(Requirement): Nothing in the records may change when you print them out again.

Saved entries
=== Section Start ===

(* The MPB rule $M$ does not satisfy the narrow-top criterion; that is, there exists a PB instance $I$ and a project $p$ with $p\in A_i$ for every voter $i\in N$ such that $p\notin W_M(I)$.
   Context: A PB instance is $I=\langle N,P,c,b,\mathcal{A}\rangle$ with voters $N=\{1,\dots,n\}$, projects $P$, costs $c:P\to\mathbb{N}$, budget $b\in\mathbb{N}$, and approval sets $A_i\subseteq P$. $c(S)=\sum_{p\in S}c(p)$; $S$ is feasible if $c(S)\le b$; $u_i(S)=c(S\cap A_i)$. The MPB rule $M$ outputs $M(I)$, the set of all feasible $S$ maximizing $\min_{i\in N}u_i(S)$ among feasible sets. $W_M(I)=\{p\in P:\exists S\in M(I),\ p\in S\}$. *)

theory Defs
  imports Main
begin

definition pb_cost :: "('p \<Rightarrow> nat) \<Rightarrow> 'p set \<Rightarrow> nat" where
  "pb_cost c S = (\<Sum>q\<in>S. c q)"

definition pb_feasible :: "'p set \<Rightarrow> ('p \<Rightarrow> nat) \<Rightarrow> nat \<Rightarrow> 'p set \<Rightarrow> bool" where
  "pb_feasible P c b S \<longleftrightarrow> S \<subseteq> P \<and> pb_cost c S \<le> b"

definition pb_util :: "('p \<Rightarrow> nat) \<Rightarrow> (nat \<Rightarrow> 'p set) \<Rightarrow> nat \<Rightarrow> 'p set \<Rightarrow> nat" where
  "pb_util c A i S = pb_cost c (S \<inter> A i)"

definition pb_minutil :: "nat \<Rightarrow> ('p \<Rightarrow> nat) \<Rightarrow> (nat \<Rightarrow> 'p set) \<Rightarrow> 'p set \<Rightarrow> nat" where
  "pb_minutil n c A S = Min ((\<lambda>i. pb_util c A i S) ` {1..n})"

definition MPB :: "nat \<Rightarrow> 'p set \<Rightarrow> ('p \<Rightarrow> nat) \<Rightarrow> nat \<Rightarrow> (nat \<Rightarrow> 'p set) \<Rightarrow> 'p set set" where
  "MPB n P c b A = {S. pb_feasible P c b S \<and>
     (\<forall>T. pb_feasible P c b T \<longrightarrow> pb_minutil n c A T \<le> pb_minutil n c A S)}"

definition W_MPB :: "nat \<Rightarrow> 'p set \<Rightarrow> ('p \<Rightarrow> nat) \<Rightarrow> nat \<Rightarrow> (nat \<Rightarrow> 'p set) \<Rightarrow> 'p set" where
  "W_MPB n P c b A = {p\<in>P. \<exists>S\<in>MPB n P c b A. p \<in> S}"

end

theory Submission
  imports Defs
begin

text \<open>Two voters share a cheap project 0 (cost 1) and each also approves an own project of
  cost 2; the budget is 4. Funding both own projects gives every voter utility 2, whereas a
  feasible set containing 0 can afford at most one own project, leaving the other voter with
  utility 1. So no MPB outcome funds the unanimously approved project 0.\<close>

lemma notin_W_MPB_if_outperformed:
  assumes "pb_feasible P c b T"
    and "\<And>S. pb_feasible P c b S \<Longrightarrow> p \<in> S \<Longrightarrow> pb_minutil n c A S < pb_minutil n c A T"
  shows "p \<notin> W_MPB n P c b A"
  using assms unfolding W_MPB_def MPB_def by (auto simp: not_le)

lemma pb_minutil_two_voters:
  "pb_minutil 2 c A S = min (pb_util c A 1 S) (pb_util c A 2 S)"
proof -
  have "{1..2::nat} = {1, 2}" by auto
  then show ?thesis by (simp add: pb_minutil_def)
qed

definition shared_cost :: "nat \<Rightarrow> nat" where
  "shared_cost q = (if q = 0 then 1 else 2)"

definition shared_approvals :: "nat \<Rightarrow> nat set" where
  "shared_approvals i = (if i = 1 then {0, 1} else {0, 2})"

lemma shared_minutil:
  "pb_minutil 2 shared_cost shared_approvals S =
     min (pb_cost shared_cost (S \<inter> {0, 1})) (pb_cost shared_cost (S \<inter> {0, 2}))"
  by (simp add: pb_minutil_two_voters pb_util_def shared_approvals_def)

lemma shared_own_projects_minutil:
  "pb_minutil 2 shared_cost shared_approvals {1, 2} = 2"
  by (simp add: shared_minutil pb_cost_def shared_cost_def)

lemma shared_minutil_with_shared_project:
  assumes feasible: "pb_feasible {0, 1, 2} shared_cost 4 S" and "0 \<in> S"
  shows "pb_minutil 2 shared_cost shared_approvals S \<le> 1"
proof -
  have "S \<subseteq> {0, 1, 2}" and cost: "pb_cost shared_cost S \<le> 4"
    using feasible by (auto simp: pb_feasible_def)
  with \<open>0 \<in> S\<close> have "S = {0} \<or> S = {0, 1} \<or> S = {0, 2} \<or> S = {0, 1, 2}"
    by (cases "1 \<in> S"; cases "2 \<in> S") auto
  moreover have "S \<noteq> {0, 1, 2}"
    using cost by (auto simp: pb_cost_def shared_cost_def)
  ultimately show ?thesis
    by (auto simp: shared_minutil pb_cost_def shared_cost_def)
qed

theorem proposition2:
  shows "\<exists>(n::nat) (P::nat set) (c::nat \<Rightarrow> nat) (b::nat) (A::nat \<Rightarrow> nat set) p.
     n \<ge> 1 \<and> finite P \<and> (\<forall>q\<in>P. c q > 0) \<and> (\<forall>i\<in>{1..n}. A i \<subseteq> P) \<and>
     p \<in> P \<and> c p \<le> b \<and> (\<forall>i\<in>{1..n}. p \<in> A i) \<and> p \<notin> W_MPB n P c b A"
proof -
  have "pb_feasible {0, 1, 2} shared_cost 4 {1, 2}"
    by (simp add: pb_feasible_def pb_cost_def shared_cost_def)
  then have "0 \<notin> W_MPB 2 {0, 1, 2} shared_cost 4 shared_approvals"
    by (rule notin_W_MPB_if_outperformed)
      (use shared_minutil_with_shared_project shared_own_projects_minutil in fastforce)
  moreover have "\<forall>i\<in>{1..2::nat}. shared_approvals i \<subseteq> {0, 1, 2} \<and> 0 \<in> shared_approvals i"
    by (simp add: shared_approvals_def)
  ultimately show ?thesis
    by (intro exI[of _ 2] exI[of _ "{0, 1, 2}"] exI[of _ shared_cost] exI[of _ 4]
        exI[of _ shared_approvals] exI[of _ 0]) (auto simp: shared_cost_def)
qed

end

=== Section End ===

(Solution for this problem):
(* The MPB rule $M$ does not satisfy the narrow-top criterion; that is, there exists a PB instance $I$ and a project $p$ with $p\in A_i$ for every voter $i\in N$ such that $p\notin W_M(I)$.
   Context: A PB instance is $I=\langle N,P,c,b,\mathcal{A}\rangle$ with voters $N=\{1,\dots,n\}$, projects $P$, costs $c:P\to\mathbb{N}$, budget $b\in\mathbb{N}$, and approval sets $A_i\subseteq P$. $c(S)=\sum_{p\in S}c(p)$; $S$ is feasible if $c(S)\le b$; $u_i(S)=c(S\cap A_i)$. The MPB rule $M$ outputs $M(I)$, the set of all feasible $S$ maximizing $\min_{i\in N}u_i(S)$ among feasible sets. $W_M(I)=\{p\in P:\exists S\in M(I),\ p\in S\}$. *)

theory Defs
  imports Main
begin

definition pb_cost :: "('p \<Rightarrow> nat) \<Rightarrow> 'p set \<Rightarrow> nat" where
  "pb_cost c S = (\<Sum>q\<in>S. c q)"

definition pb_feasible :: "'p set \<Rightarrow> ('p \<Rightarrow> nat) \<Rightarrow> nat \<Rightarrow> 'p set \<Rightarrow> bool" where
  "pb_feasible P c b S \<longleftrightarrow> S \<subseteq> P \<and> pb_cost c S \<le> b"

definition pb_util :: "('p \<Rightarrow> nat) \<Rightarrow> (nat \<Rightarrow> 'p set) \<Rightarrow> nat \<Rightarrow> 'p set \<Rightarrow> nat" where
  "pb_util c A i S = pb_cost c (S \<inter> A i)"

definition pb_minutil :: "nat \<Rightarrow> ('p \<Rightarrow> nat) \<Rightarrow> (nat \<Rightarrow> 'p set) \<Rightarrow> 'p set \<Rightarrow> nat" where
  "pb_minutil n c A S = Min ((\<lambda>i. pb_util c A i S) ` {1..n})"

definition MPB :: "nat \<Rightarrow> 'p set \<Rightarrow> ('p \<Rightarrow> nat) \<Rightarrow> nat \<Rightarrow> (nat \<Rightarrow> 'p set) \<Rightarrow> 'p set set" where
  "MPB n P c b A = {S. pb_feasible P c b S \<and>
     (\<forall>T. pb_feasible P c b T \<longrightarrow> pb_minutil n c A T \<le> pb_minutil n c A S)}"

definition W_MPB :: "nat \<Rightarrow> 'p set \<Rightarrow> ('p \<Rightarrow> nat) \<Rightarrow> nat \<Rightarrow> (nat \<Rightarrow> 'p set) \<Rightarrow> 'p set" where
  "W_MPB n P c b A = {p\<in>P. \<exists>S\<in>MPB n P c b A. p \<in> S}"

end

theory Submission
  imports Defs
begin

text \<open>Two voters share a cheap project 0 (cost 1) and each also approves an own project of
  cost 2; the budget is 4. Funding both own projects gives every voter utility 2, whereas a
  feasible set containing 0 can afford at most one own project, leaving the other voter with
  utility 1. So no MPB outcome funds the unanimously approved project 0.\<close>

lemma notin_W_MPB_if_outperformed:
  assumes "pb_feasible P c b T"
    and "\<And>S. pb_feasible P c b S \<Longrightarrow> p \<in> S \<Longrightarrow> pb_minutil n c A S < pb_minutil n c A T"
  shows "p \<notin> W_MPB n P c b A"
  using assms unfolding W_MPB_def MPB_def by (auto simp: not_le)

lemma pb_minutil_two_voters:
  "pb_minutil 2 c A S = min (pb_util c A 1 S) (pb_util c A 2 S)"
proof -
  have "{1..2::nat} = {1, 2}" by auto
  then show ?thesis by (simp add: pb_minutil_def)
qed

definition shared_cost :: "nat \<Rightarrow> nat" where
  "shared_cost q = (if q = 0 then 1 else 2)"

definition shared_approvals :: "nat \<Rightarrow> nat set" where
  "shared_approvals i = (if i = 1 then {0, 1} else {0, 2})"

lemma shared_minutil:
  "pb_minutil 2 shared_cost shared_approvals S =
     min (pb_cost shared_cost (S \<inter> {0, 1})) (pb_cost shared_cost (S \<inter> {0, 2}))"
  by (simp add: pb_minutil_two_voters pb_util_def shared_approvals_def)

lemma shared_own_projects_minutil:
  "pb_minutil 2 shared_cost shared_approvals {1, 2} = 2"
  by (simp add: shared_minutil pb_cost_def shared_cost_def)

lemma shared_minutil_with_shared_project:
  assumes feasible: "pb_feasible {0, 1, 2} shared_cost 4 S" and "0 \<in> S"
  shows "pb_minutil 2 shared_cost shared_approvals S \<le> 1"
proof -
  have "S \<subseteq> {0, 1, 2}" and cost: "pb_cost shared_cost S \<le> 4"
    using feasible by (auto simp: pb_feasible_def)
  with \<open>0 \<in> S\<close> have "S = {0} \<or> S = {0, 1} \<or> S = {0, 2} \<or> S = {0, 1, 2}"
    by (cases "1 \<in> S"; cases "2 \<in> S") auto
  moreover have "S \<noteq> {0, 1, 2}"
    using cost by (auto simp: pb_cost_def shared_cost_def)
  ultimately show ?thesis
    by (auto simp: shared_minutil pb_cost_def shared_cost_def)
qed

theorem proposition2:
  shows "\<exists>(n::nat) (P::nat set) (c::nat \<Rightarrow> nat) (b::nat) (A::nat \<Rightarrow> nat set) p.
     n \<ge> 1 \<and> finite P \<and> (\<forall>q\<in>P. c q > 0) \<and> (\<forall>i\<in>{1..n}. A i \<subseteq> P) \<and>
     p \<in> P \<and> c p \<le> b \<and> (\<forall>i\<in>{1..n}. p \<in> A i) \<and> p \<notin> W_MPB n P c b A"
proof -
  have "pb_feasible {0, 1, 2} shared_cost 4 {1, 2}"
    by (simp add: pb_feasible_def pb_cost_def shared_cost_def)
  then have "0 \<notin> W_MPB 2 {0, 1, 2} shared_cost 4 shared_approvals"
    by (rule notin_W_MPB_if_outperformed)
      (use shared_minutil_with_shared_project shared_own_projects_minutil in fastforce)
  moreover have "\<forall>i\<in>{1..2::nat}. shared_approvals i \<subseteq> {0, 1, 2} \<and> 0 \<in> shared_approvals i"
    by (simp add: shared_approvals_def)
  ultimately show ?thesis
    by (intro exI[of _ 2] exI[of _ "{0, 1, 2}"] exI[of _ shared_cost] exI[of _ 4]
        exI[of _ shared_approvals] exI[of _ 0]) (auto simp: shared_cost_def)
qed

end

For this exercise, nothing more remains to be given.